El reciente destape de audios entre el exdirector de la DNI, Jorge Lemus, y el entorno del zar del contrabando, Diego Marín, deja al descubierto una diplomacia paralela que buscaba incluir a un capo del comercio ilegal en la política de ‘Paz Total’ a cambio de silencio o colaboración.
El Gobierno de Gustavo Petro enfrenta un nuevo sismo político tras la filtración de grabaciones que detallan reuniones privadas entre Jorge Lemus, entonces director de la Dirección Nacional de Inteligencia (DNI), y Luis Felipe Ramírez, abogado de Diego Marín, alias ‘Papá Pitufo’. Los encuentros, ocurridos mientras Marín evadía la justicia en Portugal, revelan una oferta institucional inusual: beneficios judiciales y un asiento en la mesa de la ‘Paz Total’ para el mayor contrabandista del país.

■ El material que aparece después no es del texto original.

inductive ideal_step :: "(vname \<Rightarrow> label) \<Rightarrow> config \<Rightarrow> direction option \<Rightarrow> observation option
                          \<Rightarrow> config \<Rightarrow> bool" where
  ISM_Asgn: "ideal_step P (Asgn X e, s, m, b) None None (Skip, s(X := aeval e s), m, b)"
| ISM_Seq: "ideal_step P (c1, s, m, b) d ob (c1', s', m', b') \<Longrightarrow>
            ideal_step P (Seq c1 c2, s, m, b) d ob (Seq c1' c2, s', m', b')"
| ISM_Seq_Skip: "ideal_step P (Seq Skip c2, s, m, b) None None (c2, s, m, b)"
| ISM_While: "ideal_step P (While be c, s, m, b) None None
                (If be (Seq c (While be c)) Skip, s, m, b)"
| ISM_If: "v = ((label_of_bexp P be \<or> \<not> b) \<and> beval be s) \<Longrightarrow>
           ideal_step P (If be c1 c2, s, m, b) (Some DStep) (Some (OBranch v))
             (if v then c1 else c2, s, m, b)"
| ISM_If_F: "v = ((label_of_bexp P be \<or> \<not> b) \<and> beval be s) \<Longrightarrow>
           ideal_step P (If be c1 c2, s, m, b) (Some DForce) (Some (OBranch v))
             (if v then c2 else c1, s, m, True)"
| ISM_ARead: "i = (if (\<not> label_of_aexp P ie \<or> P X) \<and> b then 0 else aeval ie s) \<Longrightarrow>
              i < length (m a) \<Longrightarrow>
              ideal_step P (ARead X a ie, s, m, b) (Some DStep) (Some (ORead a i))
                (Skip, s(X := m a ! i), m, b)"
| ISM_ARead_U: "b \<Longrightarrow> label_of_aexp P ie \<Longrightarrow> \<not> P X \<Longrightarrow>
              i = aeval ie s \<Longrightarrow> i \<ge> length (m a) \<Longrightarrow> j < length (m a') \<Longrightarrow>
              ideal_step P (ARead X a ie, s, m, b) (Some (DLoad a' j)) (Some (ORead a i))
                (Skip, s(X := m a' ! j), m, b)"
| ISM_AWrite: "i = (if (\<not> label_of_aexp P ie \<or> \<not> label_of_aexp P ae) \<and> b then 0 else aeval ie s) \<Longrightarrow>
              i < length (m a) \<Longrightarrow>
              ideal_step P (AWrite a ie ae, s, m, b) (Some DStep) (Some (OWrite a i))
                (Skip, s, m(a := (m a)[i := aeval ae s]), b)"
| ISM_AWrite_U: "b \<Longrightarrow> label_of_aexp P ie \<Longrightarrow> label_of_aexp P ae \<Longrightarrow>
              i = aeval ie s \<Longrightarrow> i \<ge> length (m a) \<Longrightarrow> j < length (m a') \<Longrightarrow>
              ideal_step P (AWrite a ie ae, s, m, b) (Some (DStore a' j)) (Some (OWrite a i))
                (Skip, s, m(a' := (m a')[j := aeval ae s]), b)"

inductive ideal_steps :: "(vname \<Rightarrow> label) \<Rightarrow> config \<Rightarrow> direction list \<Rightarrow> observation list
                           \<Rightarrow> config \<Rightarrow> bool" where
  ISMs_Refl: "ideal_steps P cfg [] [] cfg"
| ISMs_Step: "ideal_step P cfg d ob cfg' \<Longrightarrow> ideal_steps P cfg' ds obs cfg'' \<Longrightarrow>
              ideal_steps P cfg (case_option [] (\<lambda>x. [x]) d @ ds)
                                 (case_option [] (\<lambda>x. [x]) ob @ obs) cfg''"

end

theory Submission
  imports Defs
begin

El factor de presión: «¿Se tira al Gobierno?»
El eje de la controversia no es solo la negociación jurídica, sino la capacidad de daño que el abogado Ramírez atribuyó a su cliente. En una reunión fechada el 26 de febrero de 2025, el jurista fue tajante: Marín posee información que podría desestabilizar la administración actual.
En los audios, Ramírez menciona nombres propios del entorno presidencial —como «Ramón el español» (Ramón Devesa) e Isaac Beltrán— como presuntos emisarios que habrían buscado a Marín. La sombra de una supuesta devolución de 500 millones de pesos, que habrían ingresado irregularmente a la campaña de 2022, aparece como el fantasma que el Gobierno intentaba conjurar a través de estas reuniones.
La oferta de la DNI: Entre la paz y la Fiscalía
Lo más crítico de las revelaciones es la propuesta de Lemus para utilizar el marco de la ‘Paz Total’ —diseñado originalmente para grupos armados ideológicos o de crimen organizado de alto impacto— como un salvoconducto para Marín.
“Hay una ley que nos permite eso”, se escucha decir a Lemus, quien además sugirió una posible intermediación ante la Fiscalía General de la Nación para gestionar beneficios que «favorecieran» al contrabandista. Este ofrecimiento de «mano amiga» desde la Casa de Nariño en asuntos judiciales pone en entredicho la separación de poderes y la naturaleza de las funciones de inteligencia del Estado.
Versiones encontradas y el silencio oficial
La narrativa del Gobierno ha intentado controlar los daños. Mientras Jorge Lemus sostiene que los encuentros fueron autorizados por el presidente Petro y grabados preventivamente ante posibles intentos de soborno, el abogado Ramírez contradice el origen de las citas, asegurando que fue el Ejecutivo quien tomó la iniciativa del contacto.
Por su parte, el presidente Petro defendió la gestión alegando que el objetivo único era el retorno de Marín para que respondiera ante la justicia, admitiendo que algunos «emisarios» habrían intentado lucrarse en el proceso, razón por la cual habrían sido apartados de sus cargos.
Las fichas en el tablero
- Jorge Lemus: El exjefe de inteligencia que pasó de la «estima» por Marín a la justificación de una misión oficial.
- Augusto Rodríguez: El director de la UNP, señalado por Lemus de estar «mal de la cabeza», tras denunciar intentos de Marín por infiltrar dinero en la campaña.
- Diego Marín: El hombre que, desde el exilio en Europa, parece tener la llave de un secreto que el Palacio de Nariño intentó negociar bajo el rótulo de la paz.
Este episodio deja una pregunta abierta sobre los límites de la ‘Paz Total’: ¿es una herramienta de reconciliación nacional o un paraguas jurídico para desactivar escándalos políticos?